Il problema come al solito è nel capire dove si taglia rispetto a quanto si aggiunge: è da notare come ci siano 5,8 miliardi di euro che il governo reperirà attraverso la spending review, che al momento non è stata ancora sviscerata precisamente nella sua composizione. Le recenti polemiche rispetto ai tagli alla sanità tra governo e regioni sembrano però essere anticipatrici di una delle possibilità prevalenti, ovvero che la questione della salute possa essere utilizzata per fare cassa attraverso la retorica delle “prestazioni inutili” (che comprendono anche i farmaci salvavita, a quanto pare) e dei sistemi da “razionalizzare” nell’unico modo conosciuto cioè tagli lineari che di razionale hanno ben poco.

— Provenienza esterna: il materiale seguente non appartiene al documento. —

lemma arr_dep_image: "arr ` {..<card Jobs} \<union> dep ` {..<card Jobs} = {1..2 * card Jobs}"
proof -
  let ?E = "\<lambda>b. (\<lambda>j. (job_enum j, b)) ` {..<card Jobs}"
  have "subtree_events 0 0 = ?E True \<union> ?E False"
  proof
    show "subtree_events 0 0 \<subseteq> ?E True \<union> ?E False"
    proof
      fix ev assume "ev \<in> subtree_events 0 0"
      then obtain J b where ev: "ev = (J, b)" "J \<in> Jobs" unfolding subtree_events_root by auto
      then obtain j where "j < card Jobs" "job_enum j = J" using job_enum_image by (metis imageE lessThan_iff)
      then show "ev \<in> ?E True \<union> ?E False" using ev by (cases b) auto
    qed
    show "?E True \<union> ?E False \<subseteq> subtree_events 0 0"
      unfolding subtree_events_root using job_enum_in_Jobs by auto
  qed
  then have "arr ` {..<card Jobs} \<union> dep ` {..<card Jobs} = event_time ` subtree_events 0 0"
    unfolding arr_event_time dep_event_time by (simp add: image_Un image_image)
  also have "\<dots> = {1..<Suc (2 * card Jobs)}"
    using event_time_subtree_events[of 0 0] card_Jobs by (simp add: span_def)
  also have "\<dots> = {1..2 * card Jobs}" by (rule atLeastLessThanSuc_atLeastAtMost)
  finally show ?thesis .
qed

lemma valid_events_tree: "valid_events (card Jobs) arr dep"
proof -
  have "j < card Jobs \<Longrightarrow> arr j < dep j" for j
    using arrival_less_departure job_enum_in_Jobs unfolding arr_def dep_def by blast
  moreover have "inj_on arr {..<card Jobs}" "inj_on dep {..<card Jobs}"
    using event_time_job_enum_eq unfolding inj_on_def arr_event_time dep_event_time by blast+
  moreover have "arr ` {..<card Jobs} \<inter> dep ` {..<card Jobs} = {}"
  proof (rule ccontr)
    assume "arr ` {..<card Jobs} \<inter> dep ` {..<card Jobs} \<noteq> {}"
    then obtain j1 j2 where "j1 < card Jobs" "j2 < card Jobs" "arr j1 = dep j2" by auto
    then show False using event_time_job_enum_eq[of j1 j2 True False] unfolding arr_event_time dep_event_time by simp
  qed
  ultimately show ?thesis unfolding valid_events_def using arr_dep_image by blast
qed

lemma admits_schedule_tree: "admits_schedule machines size_of allowed (active (card Jobs) arr dep t) 1"
  unfolding admits_schedule_def
proof (intro exI[of _ "\<lambda>j. sched t (job_enum j)"] conjI ballI)
  fix j assume "j \<in> active (card Jobs) arr dep t"
  then have "job_enum j \<in> Jobs" using active_eq job_enum_in_Jobs by auto
  then show "sched t (job_enum j) \<in> allowed j"
    unfolding allowed_def using sched_in_block by (cases "job_enum j") auto
next
  fix x
  let ?A = "{j \<in> active (card Jobs) arr dep t. sched t (job_enum j) = x}"
  have "inj_on job_enum ?A" using inj_on_job_enum by (rule inj_on_subset) (auto simp: active_eq)
  then have "(\<Sum>j\<in>?A. size_of j) = (\<Sum>J\<in>job_enum ` ?A. job_size (fst J))"
    unfolding size_of_def by (simp add: sum.reindex)
  also have "job_enum ` ?A = {J\<in>Jobs. alive t J \<and> sched t J = x}"
  proof
    show "{J\<in>Jobs. alive t J \<and> sched t J = x} \<subseteq> job_enum ` ?A"
    proof
      fix J assume J: "J \<in> {J\<in>Jobs. alive t J \<and> sched t J = x}"
      then obtain j where "j < card Jobs" "job_enum j = J" using job_enum_image by force
      then show "J \<in> job_enum ` ?A" using J active_eq by auto
    qed
  qed (use job_enum_in_Jobs active_eq in auto)
  finally show "(\<Sum>j\<in>?A. size_of j) \<le> 1" using sched_load_le_1 by simp
qed
(* Let $m\le n$ and $1\le k\le m$. Suppose $X = X^*$ is a nonzero $k$-block positive operator on $\mathcal{H}_n\otimes\mathcal{H}_m$, with maximal eigenvalue $\lambda_{max}$ and minimal eigenvalue $\lambda_{min}$. Then \[ \frac{\lambda_{min}}{\lambda_{max}} \ge 1 - \frac{m}{k}. \]
   Context: $\mathcal{H}_d=\mathbb{C}^d$ and $m\le n$. The Schmidt rank $SR(|v\rangle)$ of $|v\rangle\in\mathcal{H}_n\otimes\mathcal{H}_m$ is the rank of its coefficient matrix. A Hermitian $X$ is $k$-block positive if $\langle v|X|v\rangle\ge0$ for all $|v\rangle$ with $SR(|v\rangle)\le k$. Equivalently, the map associated to $X$ via the Choi–Jamiołkowski isomorphism is $k$-positive. *)

theory Defs
  imports "Jordan_Normal_Form.Schur_Decomposition" "Jordan_Normal_Form.DL_Rank"
begin

text \<open>A vector v in C^n (x) C^m is a vector of length n*m; basis index of e_i (x) f_j is i*m + j.
  Its coefficient matrix is the n x m matrix with entries v_(i*m+j).\<close>
definition coeff_mat :: "nat \<Rightarrow> nat \<Rightarrow> complex vec \<Rightarrow> complex mat" where
  "coeff_mat n m v = mat n m (\<lambda>(i,j). v $ (i * m + j))"

definition schmidt_rank :: "nat \<Rightarrow> nat \<Rightarrow> complex vec \<Rightarrow> nat" where
  "schmidt_rank n m v = vec_space.rank n (coeff_mat n m v)"

definition hermitian :: "complex mat \<Rightarrow> bool" where
  "hermitian X \<longleftrightarrow> mat_adjoint X = X"

definition k_block_positive :: "nat \<Rightarrow> nat \<Rightarrow> nat \<Rightarrow> complex mat \<Rightarrow> bool" where
  "k_block_positive n m k X \<longleftrightarrow> hermitian X \<and>
     (\<forall>v \<in> carrier_vec (n * m). schmidt_rank n m v \<le> k \<longrightarrow> Re ((X *\<^sub>v v) \<bullet>c v) \<ge> 0)"

text \<open>For a Hermitian matrix all eigenvalues are real.\<close>
definition lambda_max :: "complex mat \<Rightarrow> real" where
  "lambda_max X = Max {r :: real. eigenvalue X (complex_of_real r)}"

definition lambda_min :: "complex mat \<Rightarrow> real" where
  "lambda_min X = Min {r :: real. eigenvalue X (complex_of_real r)}"

end

theory Submission
  imports Defs "Jordan_Normal_Form.Spectral_Radius"
begin

text \<open>Let v be an eigenvector of X for lambda_min. By the Rayleigh bound (proved by unitary
  deflation), K = lambda_max I - X is positive semidefinite. Cut the m columns of the coefficient
  matrix of v into the m cyclic windows of k consecutive columns and restrict v to each of them:
  the restrictions w_j have Schmidt rank at most k, and every column lies in exactly k windows, so
  sum_j w_j = k v and sum_j |w_j|^2 = k |v|^2. Positivity of K gives
  <K sum_j w_j, sum_j w_j> <= m sum_j <K w_j, w_j>, and k-block positivity gives
  <K w_j, w_j> <= lambda_max |w_j|^2. Together k^2 (lambda_max - lambda_min) |v|^2 <= m k lambda_max |v|^2,
  which rearranges to the bound.\<close>

lemma cscalar_prod_sum: "dim_vec y = N \<Longrightarrow> x \<bullet>c y = (\<Sum>i<N. x $ i * cnj (y $ i))"
  unfolding scalar_prod_def by (auto simp: atLeast0LessThan)

lemma mult_mat_vec_index_sum:
  "A \<in> carrier_mat N M \<Longrightarrow> i < N \<Longrightarrow> dim_vec u = M \<Longrightarrow> (A *\<^sub>v u) $ i = (\<Sum>j<M. A $$ (i,j) * u $ j)"
  by (auto simp: scalar_prod_def atLeast0LessThan)

lemma cscalar_form_sum:
  assumes "A \<in> carrier_mat N N" "x \<in> carrier_vec N" "y \<in> carrier_vec N"
  shows "(A *\<^sub>v x) \<bullet>c y = (\<Sum>p<N. \<Sum>q<N. A $$ (p,q) * x $ q * cnj (y $ p))"
  using assms by (simp add: cscalar_prod_sum scalar_prod_def atLeast0LessThan sum_distrib_right)

lemma cscalar_prod_smult:
  fixes x y :: "complex vec"
  assumes "x \<in> carrier_vec N" "y \<in> carrier_vec N"
  shows "(a \<cdot>\<^sub>v x) \<bullet>c (b \<cdot>\<^sub>v y) = a * cnj b * (x \<bullet>c y)"
  using assms by (simp add: cscalar_prod_sum sum_distrib_left mult_ac)

lemma cscalar_prod_self_real:
  fixes x :: "complex vec"
  shows "x \<bullet>c x = complex_of_real (Re (x \<bullet>c x))" and "Re (x \<bullet>c x) \<ge> 0"
  using conjugate_square_ge_0_vec[of x] by (auto simp: less_eq_complex_def complex_eq_iff)

lemma dim_mat_adjoint [simp]:
  fixes A :: "complex mat"
  shows "dim_row (mat_adjoint A) = dim_col A" "dim_col (mat_adjoint A) = dim_row A"
  by (simp_all add: mat_adjoint_def)

lemma mat_adjoint_index [simp]:
  fixes A :: "complex mat"
  shows "i < dim_col A \<Longrightarrow> j < dim_row A \<Longrightarrow> mat_adjoint A $$ (i,j) = cnj (A $$ (j,i))"
  by (simp add: mat_adjoint_def mat_of_rows_index)

lemma mat_adjoint_carrier [simp]:
  "(A :: complex mat) \<in> carrier_mat n m \<Longrightarrow> mat_adjoint A \<in> carrier_mat m n"
  by auto

lemma mat_adjoint_adjoint [simp]: "mat_adjoint (mat_adjoint A) = (A :: complex mat)"
  by (rule eq_matI) auto

lemma mat_adjoint_mult:
  fixes A B :: "complex mat"
  assumes "A \<in> carrier_mat n l" "B \<in> carrier_mat l m"
  shows "mat_adjoint (A * B) = mat_adjoint B * mat_adjoint A"
  using assms by (intro eq_matI) (auto simp: scalar_prod_def mult.commute intro: sum.cong)

lemma cscalar_prod_mat_adjoint:
  fixes W :: "complex mat"
  assumes W: "W \<in> carrier_mat n m" and "a \<in> carrier_vec n" "y \<in> carrier_vec m"
  shows "a \<bullet>c (W *\<^sub>v y) = (mat_adjoint W *\<^sub>v a) \<bullet>c y"
proof -
  have "a \<bullet>c (W *\<^sub>v y) = (\<Sum>p<n. \<Sum>q<m. a $ p * cnj (W $$ (p,q)) * cnj (y $ q))"
    using assms by (simp add: cscalar_prod_sum scalar_prod_def atLeast0LessThan sum_distrib_left mult.assoc)
  also have "\<dots> = (\<Sum>q<m. \<Sum>p<n. a $ p * cnj (W $$ (p,q)) * cnj (y $ q))"
    by (rule sum.swap)
  also have "\<dots> = (mat_adjoint W *\<^sub>v a) \<bullet>c y"
    using assms by (simp add: cscalar_prod_sum scalar_prod_def atLeast0LessThan sum_distrib_left mult_ac)
  finally show ?thesis .
qed

lemma hermitian_index:
  "hermitian A \<Longrightarrow> A \<in> carrier_mat N N \<Longrightarrow> i < N \<Longrightarrow> j < N \<Longrightarrow> A $$ (i,j) = cnj (A $$ (j,i))"
  unfolding hermitian_def by (metis carrier_matD mat_adjoint_index)

lemma hermitian_cscalar_prod:
  assumes "hermitian A" "A \<in> carrier_mat N N" "x \<in> carrier_vec N" "y \<in> carrier_vec N"
  shows "(A *\<^sub>v x) \<bullet>c y = x \<bullet>c (A *\<^sub>v y)"
  using assms cscalar_prod_mat_adjoint[of A N N x y] unfolding hermitian_def by simp

lemma hermitian_eigenvalue_real:
  assumes A: "A \<in> carrier_mat N N" and "hermitian A" and "eigenvalue A e"
  shows "e = complex_of_real (Re e)"
proof -
  obtain v where v: "v \<in> carrier_vec N" "v \<noteq> 0\<^sub>v N" "A *\<^sub>v v = e \<cdot>\<^sub>v v"
    using assms unfolding eigenvalue_def eigenvector_def by auto
  have "e * (v \<bullet>c v) = cnj e * (v \<bullet>c v)"
    using hermitian_cscalar_prod[OF assms(2) A v(1) v(1)] v by (simp add: conjugate_smult_vec)
  moreover have "v \<bullet>c v \<noteq> 0" using v by simp
  ultimately have "cnj e = e" by simp
  then show ?thesis by (metis Reals_cnj_iff Re_complex_of_real Reals_cases)
qed

lemma mat_adjoint_mult_self_index:
  fixes W :: "complex mat"
  assumes "W \<in> carrier_mat n m" "i < m" "j < m"
  shows "(mat_adjoint W * W) $$ (i,j) = col W j \<bullet>c col W i"
  using assms by (simp add: scalar_prod_def mult.commute)

section \<open>Unitary congruence\<close>

lemma normalizing_factor:
  fixes w :: "complex vec"
  assumes "w \<in> carrier_vec n" "w \<noteq> 0\<^sub>v n"
  defines "s \<equiv> complex_of_real (1 / sqrt (Re (w \<bullet>c w)))"
  shows "s * cnj s * (w \<bullet>c w) = 1"
proof -
  define r where "r = Re (w \<bullet>c w)"
  have ww: "w \<bullet>c w = complex_of_real r"
    unfolding r_def by (rule cscalar_prod_self_real)
  with assms(1,2) have "r > 0"
    using cscalar_prod_self_real(2)[of w] by (fastforce simp: r_def)
  then have "1 / sqrt r * (1 / sqrt r) * r = 1"
    by (simp add: field_simps)
  then show ?thesis
    unfolding s_def r_def[symmetric] ww by (simp flip: of_real_mult)
qed

lemma unitary_completion:
  fixes v :: "complex vec"
  assumes v: "v \<in> carrier_vec n" "v \<noteq> 0\<^sub>v n"
  obtains W c where "W \<in> carrier_mat n n" "mat_adjoint W * W = 1\<^sub>m n" "col W 0 = c \<cdot>\<^sub>v v"
proof -
  interpret cof_vec_space n "TYPE(complex)" .
  note bc = basis_completion[OF v]
  define ws where "ws = gram_schmidt n (basis_completion v)"
  note gs = gram_schmidt_result[OF bc(2) bc(4) bc(5) ws_def]
  have n0: "n > 0" using v by (metis gr_zeroI carrier_vecD vec_of_dim_0)
  have hd_ws: "hd ws = v"
    using bc(6,7) n0 unfolding ws_def by (metis gram_schmidt_hd list.collapse list.size(3) neq0_conv v(1))
  define s where "s w = complex_of_real (1 / sqrt (Re (w \<bullet>c w)))" for w :: "complex vec"
  define W where "W = mat_of_cols n (map (\<lambda>w. s w \<cdot>\<^sub>v w) ws)"
  have len: "length ws = n" using gs(4) bc(6) by simp
  have ws: "ws ! i \<in> carrier_vec n" if "i < n" for i using gs(3) len that by auto
  have W: "W \<in> carrier_mat n n" unfolding W_def using len by (metis length_map mat_of_cols_carrier(1))
  have col_W: "col W i = s (ws ! i) \<cdot>\<^sub>v ws ! i" if "i < n" for i
    unfolding W_def using that len ws by simp
  have "mat_adjoint W * W = 1\<^sub>m n"
  proof (rule eq_matI)
    fix i j assume ij: "i < dim_row (1\<^sub>m n)" "j < dim_col (1\<^sub>m n)"
    then have i: "i < n" and j: "j < n" by auto
    then have nz: "ws ! i \<noteq> 0\<^sub>v n" using gs(2) len ws by (metis conjugate_square_eq_0_vec corthogonalD)
    have "(mat_adjoint W * W) $$ (i,j) = col W j \<bullet>c col W i"
      using i j by (rule mat_adjoint_mult_self_index[OF W])
    also have "\<dots> = s (ws ! j) * cnj (s (ws ! i)) * (ws ! j \<bullet>c ws ! i)"
      unfolding col_W[OF i] col_W[OF j] by (rule cscalar_prod_smult[OF ws[OF j] ws[OF i]])
    also have "\<dots> = 1\<^sub>m n $$ (i,j)"
      using i j gs(2) len normalizing_factor[OF ws[OF i] nz] by (auto simp: s_def corthogonal_def)
    finally show "(mat_adjoint W * W) $$ (i,j) = 1\<^sub>m n $$ (i,j)" .
  qed (use W in auto)
  moreover have "col W 0 = s v \<cdot>\<^sub>v v"
    using col_W[OF n0] hd_ws len n0 by (metis hd_conv_nth list.size(3) not_less_zero)
  ultimately show ?thesis using that W by blast
qed

lemma hermitian_unitary_congruence:
  fixes A W :: "complex mat"
  assumes "hermitian A" "A \<in> carrier_mat n n" "W \<in> carrier_mat n n"
  shows "hermitian (mat_adjoint W * A * W)"
  using assms unfolding hermitian_def
  by (simp add: mat_adjoint_mult[of _ n n _ n] assoc_mult_mat[of _ n n _ n _ n])

lemma eigenvalue_unitary_congruence:
  fixes A W :: "complex mat"
  assumes A: "A \<in> carrier_mat n n" and W: "W \<in> carrier_mat n n" and WW: "mat_adjoint W * W = 1\<^sub>m n"
  shows "eigenvalue (mat_adjoint W * A * W) e \<longleftrightarrow> eigenvalue A e"
proof -
  have WH: "mat_adjoint W \<in> carrier_mat n n" using W by simp
  have "W * mat_adjoint W = 1\<^sub>m n"
    by (rule mat_mult_left_right_inverse[OF WH W WW])
  then have "similar_mat (mat_adjoint W * A * W) A"
    using A W WH WW by (intro similar_matI[where n = n]) auto
  moreover have "mat_adjoint W * A * W \<in> carrier_mat n n"
    using mult_carrier_mat[OF mult_carrier_mat[OF WH A] W] .
  ultimately show ?thesis
    using A by (simp add: eigenvalue_root_char_poly char_poly_similar)
qed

In sostanza, una legge di stabilità che sembra accentuare ulteriormente il ritiro dello Stato dal finanziamento del welfare nei confronti dei più bisognosi, in favore della creazione di una spinta al consumo tutta a favore di quei ceti “benestanti” che costituiscono il nuovo nucleo dell’elettorato renziano. Una dimensione che apre così prospettiva ad un lavoro politico capace di rispondere, attraverso percorsi di lotta finalizzati all’aumento del costo sociale delle nuove povertà, all’ulteriore attacco neoliberista portato avanti dal governo.